Third, park employees help those in lines by reminding them of the requirements for the security check or the ride.  Just imagine someone’s anger from waiting in line for over an hour for a ride only to find out that they cannot enjoy the ride because of age, height, or some other requirement.  Better to know right away.  Or for the TSA, workers remind passengers of the most current security requirements.  Since these seem to change practically every time we fly, it is helpful to know how laptops, liquids, jackets and other items are currently handled.  By knowing well ahead of time, passengers can be fully prepared to go through the luggage inspection and personal scanning in the least amount of time.

In addition to a Poll Worker flashing a smile, greeting the voters and estimating the time to vote, we can do several other things to make the process go more quickly.
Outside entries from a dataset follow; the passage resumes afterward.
theorem theoremA3:
  fixes K T :: nat and delta :: real
    and eta gamma :: "nat \<Rightarrow> real"
    and Act :: "nat \<Rightarrow> nat list \<Rightarrow> nat set"
    and ell :: "nat \<Rightarrow> nat list \<Rightarrow> nat \<Rightarrow> real"
  assumes K: "K \<ge> 2"
    and T: "T \<ge> 1"
    and delta: "0 < delta" "delta < 1"
    and eta_pos: "\<And>t. t \<ge> 1 \<Longrightarrow> eta t > 0"
    and gamma_pos: "\<And>t. t \<ge> 1 \<Longrightarrow> gamma t > 0"
    and eta_mono: "\<And>s t. 1 \<le> s \<Longrightarrow> s \<le> t \<Longrightarrow> eta t \<le> eta s"
    and gamma_mono: "\<And>s t. 1 \<le> s \<Longrightarrow> s \<le> t \<Longrightarrow> gamma t \<le> gamma s"
    and eta_gamma: "\<And>t. t \<ge> 1 \<Longrightarrow> eta t \<le> 2 * gamma t"
    and Act_sub: "\<And>t h. t \<ge> 1 \<Longrightarrow> Act t h \<subseteq> {..<K}"
    and Act_ne: "\<And>t h. t \<ge> 1 \<Longrightarrow> Act t h \<noteq> {}"
    and ell_range: "\<And>t h i. t \<ge> 1 \<Longrightarrow> i < K \<Longrightarrow> 0 \<le> ell t h i \<and> ell t h i \<le> 1"
  shows "measure_pmf.prob (play K eta gamma Act ell T)
           {hs. Max ((regret Act ell T hs) ` {..<K})
                  \<le> ln (real K) / eta T + ln (3 * real K / delta) / (2 * gamma T)
                     + ln (3 / delta)
                     + (\<Sum>t=1..T. (eta t / 2 + gamma t) * real (card (Act t (take (t - 1) hs))))}
         \<ge> 1 - delta"
proof -
  interpret ftarl K eta gamma Act ell
    using eta_pos gamma_pos Act_sub Act_ne ell_range by unfold_locales auto
  let ?bad = "{hs. ln (3 / delta) < total_deviation T hs}
    \<union> (\<Union>a<K. {hs. ln (3 * K / delta) < arm_deviation T a hs})"
  show ?thesis
  proof (rule order_trans[OF _ prob_ge_one_minus_of_set_pmf_diff[where B = ?bad]], goal_cases)
    case 1
    show ?case using prob_large_deviation_le[OF delta(1) eta_gamma gamma_mono, where T = T] delta by simp
  next
    case 2
    have "regret Act ell T hs a \<le> ln (real K) / eta T + ln (3 * real K / delta) / (2 * gamma T)
        + ln (3 / delta) + (\<Sum>t=1..T. (eta t / 2 + gamma t) * real (card (Act t (take (t - 1) hs))))"
      if "hs \<in> set_pmf (play K eta gamma Act ell T) - ?bad" "a < K" for hs a
      using regret_le_deviations[OF T eta_mono, of hs a] that gamma_pos[OF T]
        divide_right_mono[of "arm_deviation T a hs" "ln (3 * real K / delta)" "2 * gamma T"]
      by (auto simp: not_less)
    then show ?case using K_pos by (intro subsetI CollectI, subst Max_le_iff) auto
  qed
qed

end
1.      Voters in line who have forgotten to mail in their Vote-by-Mail ballot may show up at the polls to drop off their ballot.  There is no need for them to wait in the line.  Simply have them follow you to the ballot box, and after inspecting the envelope to ensure that it is for Orange County is and correctly signed and addressed, you can have the voter watch you place it in the ballot box.  Give them their “I Voted!” sticker, thank them for voting, and they can be on their way.

 

2.      Using the Voter Directional List, Poll Workers can verify with voters that they are in the right Polling Place.  Occasionally the boundary lines for precincts may change, or for other reasons, voters may not be in their assigned Polling Place.   We give these voters the choice of going to their Polling Place, or staying and voting provisionally.  Many voters may choose the former because ballot choices may be different in their assigned Polling Place. 

 

3.      Another tip is to identify provisional voters while they are still in line by asking if anyone has changed their name or address since last voting.   Or, ask if anyone is a Vote-by-Mail voter, but has lost their ballot.  Or ask if anyone is a first time voter in Orange County? If so, do they have a “proof of residence” to show? There is a list of acceptable proofs in the Operations Manual.  If for some reason a voter does not have any of the proof of residence items, or have their Sample Ballot mailed to their residence, then they will be a provisional voter. By identifying provisional voters, the process of filling out the provisional envelope can begin while in line and the process streamlined.

 

4.      Finally, and most importantly, ask voters in line if they have their Sample Ballot that was mailed to them.  If so, now is a good time for them to go through the ballot and make their choices.  In that way, their time in the voting booth, whether it be electronic or paper ballot booth, will go much more quickly and consequently the lines will move faster.  In addition, it will give the voter something to do while waiting in line and make the time pass more quickly.  If voters to not have their sample ballot with them, you can provide them with a copy to review. But, you will have limited copies of these at your Polling Place, so voters should not mark on your Sample Ballots and you should retrieve them from the voter before they are greeted by the Roster Clerk. 

So remember, a long line at your Polling Place is a good thing because it shows that citizens want to participate in our great democratic republic.  But too much of a good thing can have negative consequences.  Let’s take charge.  Be proactive and manage the lines in the best manner possible.  Your voters will love you for it!